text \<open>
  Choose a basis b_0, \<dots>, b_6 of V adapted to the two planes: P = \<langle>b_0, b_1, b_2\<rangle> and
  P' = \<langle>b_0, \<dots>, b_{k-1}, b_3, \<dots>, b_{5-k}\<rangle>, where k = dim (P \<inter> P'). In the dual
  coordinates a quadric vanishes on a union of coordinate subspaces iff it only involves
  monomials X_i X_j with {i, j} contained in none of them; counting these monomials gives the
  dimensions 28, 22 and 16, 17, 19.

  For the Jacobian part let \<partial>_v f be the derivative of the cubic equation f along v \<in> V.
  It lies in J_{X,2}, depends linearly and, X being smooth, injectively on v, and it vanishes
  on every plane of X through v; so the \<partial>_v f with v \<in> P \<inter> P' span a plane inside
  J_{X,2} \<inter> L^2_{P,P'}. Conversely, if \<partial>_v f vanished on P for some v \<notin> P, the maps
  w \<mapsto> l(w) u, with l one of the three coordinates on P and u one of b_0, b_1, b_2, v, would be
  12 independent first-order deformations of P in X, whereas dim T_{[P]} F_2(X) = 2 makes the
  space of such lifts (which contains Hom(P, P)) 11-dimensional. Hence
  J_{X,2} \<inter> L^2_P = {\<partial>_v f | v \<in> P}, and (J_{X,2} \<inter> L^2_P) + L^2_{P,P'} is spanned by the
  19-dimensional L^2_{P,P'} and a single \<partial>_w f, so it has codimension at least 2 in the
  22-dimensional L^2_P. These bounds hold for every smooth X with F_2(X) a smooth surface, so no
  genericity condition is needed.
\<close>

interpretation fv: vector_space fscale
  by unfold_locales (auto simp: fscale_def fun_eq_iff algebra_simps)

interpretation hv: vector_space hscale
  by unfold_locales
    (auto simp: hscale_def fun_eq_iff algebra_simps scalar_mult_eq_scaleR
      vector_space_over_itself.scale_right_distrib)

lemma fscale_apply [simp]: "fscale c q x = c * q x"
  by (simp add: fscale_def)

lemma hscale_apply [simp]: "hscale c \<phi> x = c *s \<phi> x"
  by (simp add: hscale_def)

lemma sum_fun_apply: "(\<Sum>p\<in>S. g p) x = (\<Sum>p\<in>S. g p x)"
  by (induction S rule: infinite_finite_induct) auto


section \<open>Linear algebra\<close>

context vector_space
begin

--*--

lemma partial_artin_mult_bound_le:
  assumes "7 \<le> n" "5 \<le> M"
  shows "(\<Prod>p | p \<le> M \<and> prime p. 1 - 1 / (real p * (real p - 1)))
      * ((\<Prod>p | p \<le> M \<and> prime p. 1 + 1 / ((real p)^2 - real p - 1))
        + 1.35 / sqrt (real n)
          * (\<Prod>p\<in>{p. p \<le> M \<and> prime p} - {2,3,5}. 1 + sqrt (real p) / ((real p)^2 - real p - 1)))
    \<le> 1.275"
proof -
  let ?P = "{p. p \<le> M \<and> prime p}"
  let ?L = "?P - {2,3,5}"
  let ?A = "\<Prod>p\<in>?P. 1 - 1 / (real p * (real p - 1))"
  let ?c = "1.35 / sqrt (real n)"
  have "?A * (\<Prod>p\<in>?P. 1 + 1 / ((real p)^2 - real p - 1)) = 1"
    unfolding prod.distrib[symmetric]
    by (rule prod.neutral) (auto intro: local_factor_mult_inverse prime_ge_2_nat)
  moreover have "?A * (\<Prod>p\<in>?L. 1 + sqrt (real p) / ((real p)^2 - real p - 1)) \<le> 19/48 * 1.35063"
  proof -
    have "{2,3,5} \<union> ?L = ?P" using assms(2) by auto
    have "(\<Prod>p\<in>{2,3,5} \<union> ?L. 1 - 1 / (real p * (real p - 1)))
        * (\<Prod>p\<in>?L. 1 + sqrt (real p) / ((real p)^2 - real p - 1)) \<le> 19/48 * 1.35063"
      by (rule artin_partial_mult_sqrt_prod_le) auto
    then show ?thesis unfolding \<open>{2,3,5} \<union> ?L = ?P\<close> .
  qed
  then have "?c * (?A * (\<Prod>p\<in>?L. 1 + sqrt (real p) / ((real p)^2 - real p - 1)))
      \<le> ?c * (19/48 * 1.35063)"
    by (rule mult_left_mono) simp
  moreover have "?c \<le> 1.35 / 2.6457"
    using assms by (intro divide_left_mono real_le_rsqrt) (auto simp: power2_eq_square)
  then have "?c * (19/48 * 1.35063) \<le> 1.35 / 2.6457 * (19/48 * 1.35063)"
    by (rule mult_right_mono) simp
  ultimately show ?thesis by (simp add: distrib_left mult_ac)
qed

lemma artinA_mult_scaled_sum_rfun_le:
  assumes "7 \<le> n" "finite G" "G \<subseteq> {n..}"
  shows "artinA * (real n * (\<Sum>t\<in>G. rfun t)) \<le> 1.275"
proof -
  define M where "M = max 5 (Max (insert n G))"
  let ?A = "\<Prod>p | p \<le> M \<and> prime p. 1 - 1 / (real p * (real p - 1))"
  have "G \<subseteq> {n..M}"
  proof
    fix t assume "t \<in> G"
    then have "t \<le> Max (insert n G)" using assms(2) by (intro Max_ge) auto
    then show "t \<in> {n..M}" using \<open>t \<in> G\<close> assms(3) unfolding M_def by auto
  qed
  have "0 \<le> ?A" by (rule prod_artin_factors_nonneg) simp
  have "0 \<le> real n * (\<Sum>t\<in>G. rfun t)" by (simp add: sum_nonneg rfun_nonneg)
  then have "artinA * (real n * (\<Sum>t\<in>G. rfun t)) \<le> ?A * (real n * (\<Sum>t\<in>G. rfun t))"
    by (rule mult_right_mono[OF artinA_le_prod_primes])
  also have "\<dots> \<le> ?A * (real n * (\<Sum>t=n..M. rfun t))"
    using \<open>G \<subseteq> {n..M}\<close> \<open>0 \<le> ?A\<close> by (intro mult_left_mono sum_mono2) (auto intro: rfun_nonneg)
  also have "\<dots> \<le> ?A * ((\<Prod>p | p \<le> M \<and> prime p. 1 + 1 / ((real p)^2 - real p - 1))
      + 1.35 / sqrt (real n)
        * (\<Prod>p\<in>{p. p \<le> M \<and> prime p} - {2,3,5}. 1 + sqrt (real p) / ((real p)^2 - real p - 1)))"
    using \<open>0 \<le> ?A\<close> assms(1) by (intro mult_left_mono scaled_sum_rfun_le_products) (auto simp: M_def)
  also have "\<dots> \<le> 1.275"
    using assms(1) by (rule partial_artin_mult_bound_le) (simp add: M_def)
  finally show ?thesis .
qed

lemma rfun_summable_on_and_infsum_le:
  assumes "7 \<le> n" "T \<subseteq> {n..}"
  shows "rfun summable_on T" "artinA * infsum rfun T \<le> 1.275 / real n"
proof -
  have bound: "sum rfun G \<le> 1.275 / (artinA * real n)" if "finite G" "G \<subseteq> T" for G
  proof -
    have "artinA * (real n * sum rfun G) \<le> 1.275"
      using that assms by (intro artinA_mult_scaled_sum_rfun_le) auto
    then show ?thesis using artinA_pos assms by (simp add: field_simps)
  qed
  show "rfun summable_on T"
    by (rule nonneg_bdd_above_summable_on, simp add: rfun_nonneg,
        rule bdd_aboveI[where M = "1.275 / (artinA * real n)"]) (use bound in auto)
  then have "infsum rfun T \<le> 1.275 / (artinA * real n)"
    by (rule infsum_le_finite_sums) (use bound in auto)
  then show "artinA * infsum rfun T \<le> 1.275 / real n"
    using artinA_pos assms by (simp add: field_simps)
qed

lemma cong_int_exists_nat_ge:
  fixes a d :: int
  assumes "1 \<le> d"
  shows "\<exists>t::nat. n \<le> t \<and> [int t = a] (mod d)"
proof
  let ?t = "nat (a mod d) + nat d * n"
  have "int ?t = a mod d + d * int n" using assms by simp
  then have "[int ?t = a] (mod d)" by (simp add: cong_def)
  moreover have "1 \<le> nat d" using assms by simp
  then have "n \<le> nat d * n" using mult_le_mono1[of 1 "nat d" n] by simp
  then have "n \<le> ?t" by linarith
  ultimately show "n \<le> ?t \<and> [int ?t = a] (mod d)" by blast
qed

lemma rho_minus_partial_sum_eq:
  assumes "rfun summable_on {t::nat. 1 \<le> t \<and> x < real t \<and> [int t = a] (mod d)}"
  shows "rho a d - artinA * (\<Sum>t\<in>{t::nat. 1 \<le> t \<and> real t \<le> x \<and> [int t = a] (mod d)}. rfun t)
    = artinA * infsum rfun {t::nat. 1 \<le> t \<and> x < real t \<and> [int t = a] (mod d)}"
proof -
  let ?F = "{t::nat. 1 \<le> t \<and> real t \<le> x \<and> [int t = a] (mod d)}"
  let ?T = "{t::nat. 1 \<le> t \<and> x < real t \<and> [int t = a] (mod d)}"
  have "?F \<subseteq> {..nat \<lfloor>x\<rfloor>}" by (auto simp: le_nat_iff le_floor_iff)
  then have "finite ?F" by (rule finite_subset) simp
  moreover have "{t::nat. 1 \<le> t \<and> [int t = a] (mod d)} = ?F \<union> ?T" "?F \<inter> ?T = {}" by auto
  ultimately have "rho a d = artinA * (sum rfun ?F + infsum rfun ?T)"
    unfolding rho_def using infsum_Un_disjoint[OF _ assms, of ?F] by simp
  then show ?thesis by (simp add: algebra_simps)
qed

--*--

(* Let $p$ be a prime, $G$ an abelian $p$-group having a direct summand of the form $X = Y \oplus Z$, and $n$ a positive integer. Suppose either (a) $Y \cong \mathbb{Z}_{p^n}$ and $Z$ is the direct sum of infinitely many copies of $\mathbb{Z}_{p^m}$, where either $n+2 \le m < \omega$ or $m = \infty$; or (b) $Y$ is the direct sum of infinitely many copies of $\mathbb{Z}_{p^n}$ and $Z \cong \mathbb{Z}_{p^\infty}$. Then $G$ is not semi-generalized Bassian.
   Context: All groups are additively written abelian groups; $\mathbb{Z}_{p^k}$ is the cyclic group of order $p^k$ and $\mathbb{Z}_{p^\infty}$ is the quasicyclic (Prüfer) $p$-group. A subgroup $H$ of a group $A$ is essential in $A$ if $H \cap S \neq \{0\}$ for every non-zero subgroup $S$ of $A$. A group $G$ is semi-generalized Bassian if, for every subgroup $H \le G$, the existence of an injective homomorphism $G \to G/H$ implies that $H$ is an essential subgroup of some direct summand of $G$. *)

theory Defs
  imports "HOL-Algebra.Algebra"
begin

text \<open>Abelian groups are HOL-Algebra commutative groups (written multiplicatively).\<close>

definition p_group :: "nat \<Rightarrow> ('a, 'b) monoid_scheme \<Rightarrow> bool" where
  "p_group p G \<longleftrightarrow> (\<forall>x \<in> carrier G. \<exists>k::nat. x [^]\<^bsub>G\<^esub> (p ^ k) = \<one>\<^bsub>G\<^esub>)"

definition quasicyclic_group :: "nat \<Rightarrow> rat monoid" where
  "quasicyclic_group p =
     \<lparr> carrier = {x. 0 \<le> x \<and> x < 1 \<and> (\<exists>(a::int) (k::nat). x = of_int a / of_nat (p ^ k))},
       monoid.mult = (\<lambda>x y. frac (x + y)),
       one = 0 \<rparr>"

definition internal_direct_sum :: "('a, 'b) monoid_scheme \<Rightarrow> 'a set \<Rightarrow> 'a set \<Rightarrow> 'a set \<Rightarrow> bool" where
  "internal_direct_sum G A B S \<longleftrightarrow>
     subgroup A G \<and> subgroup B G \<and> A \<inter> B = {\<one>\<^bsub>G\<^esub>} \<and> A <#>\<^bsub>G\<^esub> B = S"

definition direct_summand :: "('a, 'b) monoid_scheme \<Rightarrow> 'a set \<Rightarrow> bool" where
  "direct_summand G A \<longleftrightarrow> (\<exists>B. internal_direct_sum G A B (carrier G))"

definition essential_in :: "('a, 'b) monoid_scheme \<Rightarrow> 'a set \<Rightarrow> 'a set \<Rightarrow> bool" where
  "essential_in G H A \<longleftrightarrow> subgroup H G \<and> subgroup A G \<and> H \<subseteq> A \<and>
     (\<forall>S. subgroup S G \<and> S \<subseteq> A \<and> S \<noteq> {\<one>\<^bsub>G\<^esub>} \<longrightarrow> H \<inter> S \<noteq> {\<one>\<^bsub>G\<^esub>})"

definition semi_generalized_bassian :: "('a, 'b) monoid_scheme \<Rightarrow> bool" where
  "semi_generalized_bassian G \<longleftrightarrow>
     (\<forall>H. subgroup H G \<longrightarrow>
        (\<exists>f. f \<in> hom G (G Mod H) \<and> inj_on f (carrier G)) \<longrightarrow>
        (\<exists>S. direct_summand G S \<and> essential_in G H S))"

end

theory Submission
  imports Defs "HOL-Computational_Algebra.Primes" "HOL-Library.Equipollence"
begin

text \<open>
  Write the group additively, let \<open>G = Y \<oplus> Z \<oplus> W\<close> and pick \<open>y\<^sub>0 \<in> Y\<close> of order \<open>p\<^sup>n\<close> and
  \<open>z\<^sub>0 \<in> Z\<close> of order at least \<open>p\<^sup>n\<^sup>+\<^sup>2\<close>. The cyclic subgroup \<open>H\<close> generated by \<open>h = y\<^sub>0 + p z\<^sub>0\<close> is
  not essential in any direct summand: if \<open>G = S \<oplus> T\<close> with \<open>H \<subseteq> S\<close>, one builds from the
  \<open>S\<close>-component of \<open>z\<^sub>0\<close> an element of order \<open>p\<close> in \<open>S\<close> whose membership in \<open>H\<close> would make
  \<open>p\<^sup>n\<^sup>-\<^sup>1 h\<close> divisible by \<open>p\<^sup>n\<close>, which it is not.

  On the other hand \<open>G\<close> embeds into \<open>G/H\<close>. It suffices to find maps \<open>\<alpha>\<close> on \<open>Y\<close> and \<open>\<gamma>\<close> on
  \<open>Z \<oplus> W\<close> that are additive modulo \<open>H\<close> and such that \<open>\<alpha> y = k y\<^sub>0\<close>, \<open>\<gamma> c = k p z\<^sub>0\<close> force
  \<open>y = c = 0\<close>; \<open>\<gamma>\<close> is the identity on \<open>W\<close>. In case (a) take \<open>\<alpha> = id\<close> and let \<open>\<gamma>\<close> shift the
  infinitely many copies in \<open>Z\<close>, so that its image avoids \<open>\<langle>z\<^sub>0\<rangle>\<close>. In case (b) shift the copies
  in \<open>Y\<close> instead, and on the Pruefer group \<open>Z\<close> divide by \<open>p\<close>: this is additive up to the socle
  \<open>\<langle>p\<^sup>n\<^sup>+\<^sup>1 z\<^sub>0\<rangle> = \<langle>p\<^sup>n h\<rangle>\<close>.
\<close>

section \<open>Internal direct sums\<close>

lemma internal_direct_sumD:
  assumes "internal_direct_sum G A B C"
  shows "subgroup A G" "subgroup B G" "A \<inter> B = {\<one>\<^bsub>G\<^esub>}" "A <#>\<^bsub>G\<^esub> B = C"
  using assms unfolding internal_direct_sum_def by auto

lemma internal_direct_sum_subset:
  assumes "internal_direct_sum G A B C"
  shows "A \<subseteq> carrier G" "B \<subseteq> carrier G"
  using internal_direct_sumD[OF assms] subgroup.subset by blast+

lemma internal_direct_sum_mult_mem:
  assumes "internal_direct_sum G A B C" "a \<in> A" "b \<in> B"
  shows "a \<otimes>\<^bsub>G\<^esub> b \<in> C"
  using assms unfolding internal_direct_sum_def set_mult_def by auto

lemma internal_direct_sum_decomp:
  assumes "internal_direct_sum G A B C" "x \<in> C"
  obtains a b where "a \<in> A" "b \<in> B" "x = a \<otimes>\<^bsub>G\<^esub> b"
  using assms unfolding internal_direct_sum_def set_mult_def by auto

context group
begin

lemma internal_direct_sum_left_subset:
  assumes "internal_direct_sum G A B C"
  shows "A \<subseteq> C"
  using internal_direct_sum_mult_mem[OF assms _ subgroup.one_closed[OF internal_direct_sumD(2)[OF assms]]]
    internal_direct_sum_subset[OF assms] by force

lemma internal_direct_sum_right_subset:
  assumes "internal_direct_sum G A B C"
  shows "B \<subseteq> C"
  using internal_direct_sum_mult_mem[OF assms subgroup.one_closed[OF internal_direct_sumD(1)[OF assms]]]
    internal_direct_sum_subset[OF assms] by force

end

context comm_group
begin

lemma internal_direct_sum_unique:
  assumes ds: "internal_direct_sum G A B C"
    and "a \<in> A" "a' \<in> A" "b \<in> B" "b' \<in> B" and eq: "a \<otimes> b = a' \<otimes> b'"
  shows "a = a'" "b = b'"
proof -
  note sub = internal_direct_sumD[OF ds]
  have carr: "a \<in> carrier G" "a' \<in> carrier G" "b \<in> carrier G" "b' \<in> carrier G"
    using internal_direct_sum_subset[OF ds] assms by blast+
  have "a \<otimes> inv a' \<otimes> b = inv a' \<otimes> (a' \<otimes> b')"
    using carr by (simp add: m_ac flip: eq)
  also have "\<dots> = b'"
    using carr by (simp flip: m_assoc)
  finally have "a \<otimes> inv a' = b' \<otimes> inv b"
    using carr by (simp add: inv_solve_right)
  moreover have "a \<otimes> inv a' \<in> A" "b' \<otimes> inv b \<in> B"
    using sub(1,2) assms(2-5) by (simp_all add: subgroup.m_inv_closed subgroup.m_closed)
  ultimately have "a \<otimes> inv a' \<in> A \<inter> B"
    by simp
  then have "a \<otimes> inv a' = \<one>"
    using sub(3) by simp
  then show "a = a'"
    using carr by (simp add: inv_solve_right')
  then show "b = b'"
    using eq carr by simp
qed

--*--

EXERCISE OBJECTIVE ::
Find every line in the records that has the string "ultimately", then state how many there are and nothing else.

OUTPUT BELOW ::
4